J Am Podiatr Med Assoc. 2021 Mar 1;111(2). doi: 10.7547/20-100.
We aimed to evaluate radiologic and clinical outcomes of ankle fractures involving posterior fragments that were fixed with a posterior plate by the posterolateral approach.
Sixty-five patients who were followed for at least 12 months and were older than 18 years were included. The posterior malleolus fractures were classified according to the Haraguchi classification system with computed tomography (CT). The posterior malleolus fragments were fixed with a plate through a posterolateral approach. Intra-articular step-off, reduction of the posterior malleolar fragment, and fibular position in the incisura were evaluated by early postoperative CT. American Orthopaedic Foot and Ankle Society (AOFAS) score and visual analog scale pain score were used for clinical assessment.
The posterior malleolus fractures were classified as Haraguchi type 1 in 45 patients (69.2%), Haraguchi type 2 in 12 patients (18.5%), and Haraguchi type 3 in eight patients (12.3%). No patients showed signs of instability or loss of reduction on direct radiographs during follow-up. Postoperative CT showed no loss of reduction in the posterior malleolus and tibiofibular alignment. On evaluation, there was no intra-articular step-off (<1) in any of the patients. The mean AOFAS score was calculated to be 91.6. The mean visual analog scale score was 1.2.
We conclude that direct posterior fixation with the posterolateral approach can be a good option for ankle fractures involving posterior malleolar fragments.
我们旨在评估通过后外侧入路固定后钢板治疗涉及后踝骨折块的影像学和临床结果。
共纳入 65 例随访时间至少 12 个月且年龄大于 18 岁的患者。
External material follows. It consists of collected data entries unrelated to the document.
definition smooth_fun :: "(real \<Rightarrow> real) \<Rightarrow> bool" where
  "smooth_fun f \<longleftrightarrow> (\<forall>k x. ((deriv ^^ k) f) field_differentiable (at x))"

definition abs_flow :: "(real \<Rightarrow> real) \<Rightarrow> ('v::finite \<Rightarrow> 'v \<Rightarrow> real) \<Rightarrow> real ^ 'v \<Rightarrow> real ^ 'v" where
  "abs_flow f a x = (\<chi> i. - (\<Sum>j\<in>nbrs a i. f (x $ i) - sgn (a i j) * f (x $ j)))"

text \<open>The follower state space R^(n-1) is
  represented as the coordinate hyperplane {x. x $ l = 0} of R^n; the leader
  coordinate is replaced by the control input u.\<close>
definition lf_field :: "(real ^ 'v \<Rightarrow> real ^ 'v) \<Rightarrow> 'v::finite \<Rightarrow> real ^ 'v \<Rightarrow> real \<Rightarrow> real ^ 'v" where
  "lf_field F l x u = (\<chi> i. if i = l then 0 else F (\<chi> j. if j = l then u else x $ j) $ i)"

definition follower_space :: "'v::finite \<Rightarrow> (real ^ 'v) set" where
  "follower_space l = {x. x $ l = 0}"

definition lf_trajectory ::
  "(real ^ 'v \<Rightarrow> real ^ 'v) \<Rightarrow> 'v::finite \<Rightarrow> real ^ 'v \<Rightarrow> (real \<Rightarrow> real ^ 'v) \<Rightarrow> (real \<Rightarrow> real) \<Rightarrow> real \<Rightarrow> bool" where
  "lf_trajectory F l x0 \<theta> u \<tau> \<longleftrightarrow> \<theta> 0 = x0 \<and>
     (\<forall>t\<in>{0..\<tau>}. (\<theta> has_vector_derivative lf_field F l (\<theta> t) (u t)) (at t within {0..\<tau>}))"

definition accessible_set ::
  "(real ^ 'v \<Rightarrow> real ^ 'v) \<Rightarrow> 'v::finite \<Rightarrow> real ^ 'v \<Rightarrow> real \<Rightarrow> (real ^ 'v) set" where
  "accessible_set F l x0 T =
     {\<theta> \<tau> | \<theta> u \<tau>. 0 \<le> \<tau> \<and> \<tau> \<le> T \<and> lf_trajectory F l x0 \<theta> u \<tau>}"

text \<open>Accessibility: the accessible set has nonempty interior in the follower
  space (interior relative to the hyperplane, which is a copy of R^(n-1)).\<close>
definition lf_accessible :: "(real ^ 'v \<Rightarrow> real ^ 'v) \<Rightarrow> 'v::finite \<Rightarrow> real ^ 'v \<Rightarrow> bool" where
  "lf_accessible F l x0 \<longleftrightarrow> (\<forall>T>0. \<exists>U. open U \<and> U \<inter> follower_space l \<noteq> {} \<and>
       U \<inter> follower_space l \<subseteq> accessible_set F l x0 T)"

end

theory Submission
  imports Defs
begin

text \<open>The signed automorphism \<phi>' commutes with the leader-follower vector field
  (because \<phi> fixes the leader and f is odd, resp. \<phi> preserves signs and f is even).
  Since the field is locally Lipschitz, trajectories from the origin are unique, so every
  trajectory from the origin is fixed by \<phi>'. Hence the accessible set lies in the fixed
  subspace of \<phi>' inside the follower space, which is proper because \<phi> moves some
  follower, and so has empty interior there.\<close>

section \<open>Uniqueness for Lipschitz differential equations\<close>

lemma has_real_derivative_inner_self:
  fixes d :: "real \<Rightarrow> 'a::real_inner"
  assumes "(d has_vector_derivative D) (at t within S)"
  shows "((\<lambda>t. d t \<bullet> d t) has_real_derivative 2 * (d t \<bullet> D)) (at t within S)"
proof -
  have "((\<lambda>t. d t \<bullet> d t) has_derivative (\<lambda>h. d t \<bullet> (h *\<^sub>R D) + (h *\<^sub>R D) \<bullet> d t)) (at t within S)"
    using assms by (intro derivative_eq_intros) (auto simp: has_vector_derivative_def)
  moreover have "(\<lambda>h. d t \<bullet> (h *\<^sub>R D) + (h *\<^sub>R D) \<bullet> d t) = (\<lambda>h. 2 * (d t \<bullet> D) * h)"
    by (auto simp: inner_commute algebra_simps)
  ultimately show ?thesis
    by (simp add: has_field_derivative_def)
qed

text \<open>Gronwall-type argument: the weighted energy e^(-2Lt) |\<theta> t - \<eta> t|^2 is
  nonincreasing and vanishes at 0.\<close>

lemma lipschitz_ode_solutions_eq:
  fixes \<theta> \<eta> :: "real \<Rightarrow> 'a::real_inner"
  assumes \<theta>: "\<And>t. t \<in> {0..\<tau>} \<Longrightarrow> (\<theta> has_vector_derivative A t) (at t within {0..\<tau>})"
    and \<eta>: "\<And>t. t \<in> {0..\<tau>} \<Longrightarrow> (\<eta> has_vector_derivative B t) (at t within {0..\<tau>})"
    and init: "\<theta> 0 = \<eta> 0"
    and lip: "\<And>t. t \<in> {0..\<tau>} \<Longrightarrow> norm (A t - B t) \<le> L * norm (\<theta> t - \<eta> t)"
    and t: "t \<in> {0..\<tau>}"
  shows "\<theta> t = \<eta> t"
proof -
  define d where "d = (\<lambda>t. \<theta> t - \<eta> t)"
  define g where "g = (\<lambda>t. exp (- 2 * L * t) * (d t \<bullet> d t))"
  have g_deriv: "\<exists>y. (g has_real_derivative y) (at s within {0..\<tau>}) \<and> y \<le> 0"
    if s: "s \<in> {0..\<tau>}" for s
  proof (intro exI conjI)
    have d': "(d has_vector_derivative (A s - B s)) (at s within {0..\<tau>})"
      unfolding d_def using \<theta>[OF s] \<eta>[OF s] by (auto intro!: derivative_eq_intros)
    have e': "((\<lambda>t. exp (- 2 * L * t)) has_real_derivative (- 2 * L) * exp (- 2 * L * s))
        (at s within {0..\<tau>})"
      by (auto intro!: derivative_eq_intros)
    show "(g has_real_derivative
        exp (- 2 * L * s) * (2 * (d s \<bullet> (A s - B s)) - 2 * L * (d s \<bullet> d s))) (at s within {0..\<tau>})"
      unfolding g_def using DERIV_mult[OF e' has_real_derivative_inner_self[OF d']]
      by (simp add: algebra_simps)
    have "d s \<bullet> (A s - B s) \<le> norm (d s) * norm (A s - B s)"
      by (rule Cauchy_Schwarz_ineq2[THEN order_trans[OF abs_ge_self]])
    also have "\<dots> \<le> norm (d s) * (L * norm (d s))"
      using lip[OF s] by (simp add: d_def mult_left_mono)
    also have "\<dots> = L * (d s \<bullet> d s)"
      by (simp add: power2_norm_eq_inner[symmetric] power2_eq_square)
    finally show "exp (- 2 * L * s) * (2 * (d s \<bullet> (A s - B s)) - 2 * L * (d s \<bullet> d s)) \<le> 0"
      by (simp add: mult_nonneg_nonpos)
  qed
  have "continuous_on {0..\<tau>} g"
    using g_deriv by (meson DERIV_continuous continuous_at_imp_continuous_on continuous_on_eq_continuous_within)
  have "g t \<le> g 0"
  proof (rule DERIV_nonpos_imp_decreasing_open[of 0 t g])
    show "0 \<le> t" using t by simp
    show "continuous_on {0..t} g"
      using t by (intro continuous_on_subset[OF \<open>continuous_on {0..\<tau>} g\<close>]) auto
    fix x assume x: "0 < x" "x < t"
    then have "at x within {0..\<tau>} = at x" using t by (intro at_within_Icc_at) auto
    with g_deriv[of x] x t show "\<exists>y. (g has_real_derivative y) (at x) \<and> y \<le> 0" by auto
  qed
  with init have "exp (- 2 * L * t) * (d t \<bullet> d t) \<le> 0" by (simp add: g_def d_def)
  then have "d t \<bullet> d t \<le> 0" by (simp add: mult_le_0_iff)
  then show ?thesis by (metis d_def eq_iff_diff_eq_0 inner_gt_zero_iff not_le)
qed

section \<open>Symmetries of a leader-follower network obstruct accessibility\<close>

definition lf_locally_lipschitz :: "(real ^ 'v \<Rightarrow> real ^ 'v) \<Rightarrow> 'v::finite \<Rightarrow> bool" where
  "lf_locally_lipschitz F l \<longleftrightarrow> (\<forall>R. \<exists>L. \<forall>x y u. norm x \<le> R \<longrightarrow> norm y \<le> R \<longrightarrow>
     norm (lf_field F l x u - lf_field F l y u) \<le> L * norm (x - y))"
后踝骨折根据 CT 扫描的 Haraguchi 分类系统进行分类。通过后外侧入路用钢板固定后踝骨折块。术后早期 CT 评估关节面台阶、后踝骨折块复位情况及腓骨在切迹中的位置。采用美国矫形足踝协会(AOFAS)评分和视觉模拟评分(VAS)进行临床评估。
45 例(69.2%)患者后踝骨折为 Haraguchi 1 型,12 例(18.5%)为 Haraguchi 2 型,8 例(12.3%)为 Haraguchi 3 型。随访过程中,直接 X 线片未见不稳定或复位丢失的迹象。术后 CT 显示后踝无复位丢失,胫腓骨对线良好。评估时,所有患者关节面台阶均<1。AOFAS 评分平均为 91.6,VAS 评分平均为 1.2。
我们认为,直接后外侧固定是治疗涉及后踝骨折块的踝关节骨折的一种较好选择。